─── The input
lemma timelike_diamond_subset_mball:
  assumes L: "lorentzian_pre_length_space X d ll le t"
    and cpc: "causally_path_connected X d ll le"
    and p: "p \<in> Metric_space.mball X d y r" and q: "q \<in> X"
    and disj: "timelike_diamond X ll p q \<inter>
      (Metric_space.mcball X d y r - Metric_space.mball X d y r) = {}"
  shows "timelike_diamond X ll p q \<subseteq> Metric_space.mball X d y r"
proof
  interpret M: Metric_space X d
    using L by (rule lorentzian_pre_length_space_Metric_space)
  have y: "y \<in> X" and pX: "p \<in> X" and "d y p < r" using p by auto
  fix z assume "z \<in> timelike_diamond X ll p q"
  then have z: "z \<in> X" "ll p z" "ll z q" by (auto simp: timelike_diamond_def)
  show "z \<in> M.mball y r"
  proof (rule ccontr)
    assume "z \<notin> M.mball y r"
    then have "r \<le> d y z" using y z by auto
    obtain \<gamma> a b where \<gamma>: "timelike_curve_from X d ll \<gamma> a b p z"
      using cpc pX z unfolding causally_path_connected_def by blast
    have ab: "a < b" and lip: "lipschitz_curve X d \<gamma> {a..b}" and ends: "\<gamma> a = p" "\<gamma> b = z"
      and chron: "\<And>s t. s \<in> {a..b} \<Longrightarrow> t \<in> {a..b} \<Longrightarrow> s < t \<Longrightarrow> ll (\<gamma> s) (\<gamma> t)"
      using \<gamma> unfolding timelike_curve_from_def fd_timelike_curve_def by auto
    obtain s where s: "a \<le> s" "s \<le> b" "d y (\<gamma> s) = r"
      using IVT'[of "\<lambda>s. d y (\<gamma> s)" a r b] ab \<open>d y p < r\<close> \<open>r \<le> d y z\<close> ends
        lipschitz_curve_continuous_on_mdist[OF lip M.Metric_space_axioms y]
      by auto
    have "a < s" using s ends \<open>d y p < r\<close> by (metis order_le_less order_less_irrefl)
    define w where "w = \<gamma> s"
    have w: "w \<in> X" using lip s unfolding lipschitz_curve_def w_def by auto
    have "ll p w" using chron[of a s] ab s \<open>a < s\<close> ends by (simp add: w_def)
    moreover have "ll w q"
    proof (cases "s = b")
      case True
      then show ?thesis using z ends by (simp add: w_def)
    next
      case False
      then have "ll w z" using chron[of s b] s ends by (simp add: w_def)
      then show ?thesis using lorentzian_pre_length_space_chronology_trans[OF L w z(1) q] z by blast
    qed
    moreover have "w \<in> M.mcball y r - M.mball y r" using w y s by (simp add: w_def)
    ultimately show False using disj w by (auto simp: timelike_diamond_def)
  qed
qed

lemma alexandrov_open_contains_timelike_diamond_around:
  assumes L: "lorentzian_length_space X d ll le t"
    and U: "openin (alexandrov_topology X ll) U" "y \<in> U" and e: "e > 0"
  obtains p q where "p \<in> X" "q \<in> X" "d y p < e" "ll p y" "ll y q"
    "timelike_diamond X ll p q \<subseteq> U"
proof -
  have LP: "lorentzian_pre_length_space X d ll le t"
    using L by (rule lorentzian_length_space_pre)
  interpret M: Metric_space X d
    using LP by (rule lorentzian_pre_length_space_Metric_space)
  have y: "y \<in> X" using U openin_subset by fastforce
  obtain Wm Wp where W: "openin M.mtopology Wm" "openin M.mtopology Wp" "y \<in> Wm" "y \<in> Wp"
    "\<And>a b. a \<in> Wm \<Longrightarrow> b \<in> Wp \<Longrightarrow> timelike_diamond X ll a b \<subseteq> U"
    using alexandrov_open_contains_timelike_diamonds[OF LP U] by metis
  obtain e1 where e1: "e1 > 0" "M.mball y e1 \<subseteq> Wm" using W(1,3) M.openin_mtopology by metis
  obtain e2 where e2: "e2 > 0" "M.mball y e2 \<subseteq> Wp" using W(2,4) M.openin_mtopology by metis
  obtain p where p: "p \<in> X" "d y p < min e1 e" "ll p y"
    using lorentzian_length_space_timelike_near(1)[OF L y] e1(1) e by (metis min_less_iff_conj)
  obtain q where q: "q \<in> X" "d y q < e2" "ll y q"
    using lorentzian_length_space_timelike_near(2)[OF L y e2(1)] by blast
  have "p \<in> Wm" "q \<in> Wp" using p q e1 e2 y by auto
  then show ?thesis
    using that[of p q] W(5) p q by simp
qed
──────
### What you are asked to do
Go through the data and return every record exactly.

### Answer below
lemma timelike_diamond_subset_mball:
  assumes L: "lorentzian_pre_length_space X d ll le t"
    and cpc: "causally_path_connected X d ll le"
    and p: "p \<in> Metric_space.mball X d y r" and q: "q \<in> X"
    and disj: "timelike_diamond X ll p q \<inter>
      (Metric_space.mcball X d y r - Metric_space.mball X d y r) = {}"
  shows "timelike_diamond X ll p q \<subseteq> Metric_space.mball X d y r"
proof
  interpret M: Metric_space X d
    using L by (rule lorentzian_pre_length_space_Metric_space)
  have y: "y \<in> X" and pX: "p \<in> X" and "d y p < r" using p by auto
  fix z assume "z \<in> timelike_diamond X ll p q"
  then have z: "z \<in> X" "ll p z" "ll z q" by (auto simp: timelike_diamond_def)
  show "z \<in> M.mball y r"
  proof (rule ccontr)
    assume "z \<notin> M.mball y r"
    then have "r \<le> d y z" using y z by auto
    obtain \<gamma> a b where \<gamma>: "timelike_curve_from X d ll \<gamma> a b p z"
      using cpc pX z unfolding causally_path_connected_def by blast
    have ab: "a < b" and lip: "lipschitz_curve X d \<gamma> {a..b}" and ends: "\<gamma> a = p" "\<gamma> b = z"
      and chron: "\<And>s t. s \<in> {a..b} \<Longrightarrow> t \<in> {a..b} \<Longrightarrow> s < t \<Longrightarrow> ll (\<gamma> s) (\<gamma> t)"
      using \<gamma> unfolding timelike_curve_from_def fd_timelike_curve_def by auto
    obtain s where s: "a \<le> s" "s \<le> b" "d y (\<gamma> s) = r"
      using IVT'[of "\<lambda>s. d y (\<gamma> s)" a r b] ab \<open>d y p < r\<close> \<open>r \<le> d y z\<close> ends
        lipschitz_curve_continuous_on_mdist[OF lip M.Metric_space_axioms y]
      by auto
    have "a < s" using s ends \<open>d y p < r\<close> by (metis order_le_less order_less_irrefl)
    define w where "w = \<gamma> s"
    have w: "w \<in> X" using lip s unfolding lipschitz_curve_def w_def by auto
    have "ll p w" using chron[of a s] ab s \<open>a < s\<close> ends by (simp add: w_def)
    moreover have "ll w q"
    proof (cases "s = b")
      case True
      then show ?thesis using z ends by (simp add: w_def)
    next
      case False
      then have "ll w z" using chron[of s b] s ends by (simp add: w_def)
      then show ?thesis using lorentzian_pre_length_space_chronology_trans[OF L w z(1) q] z by blast
    qed
    moreover have "w \<in> M.mcball y r - M.mball y r" using w y s by (simp add: w_def)
    ultimately show False using disj w by (auto simp: timelike_diamond_def)
  qed
qed

lemma alexandrov_open_contains_timelike_diamond_around:
  assumes L: "lorentzian_length_space X d ll le t"
    and U: "openin (alexandrov_topology X ll) U" "y \<in> U" and e: "e > 0"
  obtains p q where "p \<in> X" "q \<in> X" "d y p < e" "ll p y" "ll y q"
    "timelike_diamond X ll p q \<subseteq> U"
proof -
  have LP: "lorentzian_pre_length_space X d ll le t"
    using L by (rule lorentzian_length_space_pre)
  interpret M: Metric_space X d
    using LP by (rule lorentzian_pre_length_space_Metric_space)
  have y: "y \<in> X" using U openin_subset by fastforce
  obtain Wm Wp where W: "openin M.mtopology Wm" "openin M.mtopology Wp" "y \<in> Wm" "y \<in> Wp"
    "\<And>a b. a \<in> Wm \<Longrightarrow> b \<in> Wp \<Longrightarrow> timelike_diamond X ll a b \<subseteq> U"
    using alexandrov_open_contains_timelike_diamonds[OF LP U] by metis
  obtain e1 where e1: "e1 > 0" "M.mball y e1 \<subseteq> Wm" using W(1,3) M.openin_mtopology by metis
  obtain e2 where e2: "e2 > 0" "M.mball y e2 \<subseteq> Wp" using W(2,4) M.openin_mtopology by metis
  obtain p where p: "p \<in> X" "d y p < min e1 e" "ll p y"
    using lorentzian_length_space_timelike_near(1)[OF L y] e1(1) e by (metis min_less_iff_conj)
  obtain q where q: "q \<in> X" "d y q < e2" "ll y q"
    using lorentzian_length_space_timelike_near(2)[OF L y e2(1)] by blast
  have "p \<in> Wm" "q \<in> Wp" using p q e1 e2 y by auto
  then show ?thesis
    using that[of p q] W(5) p q by simp
qed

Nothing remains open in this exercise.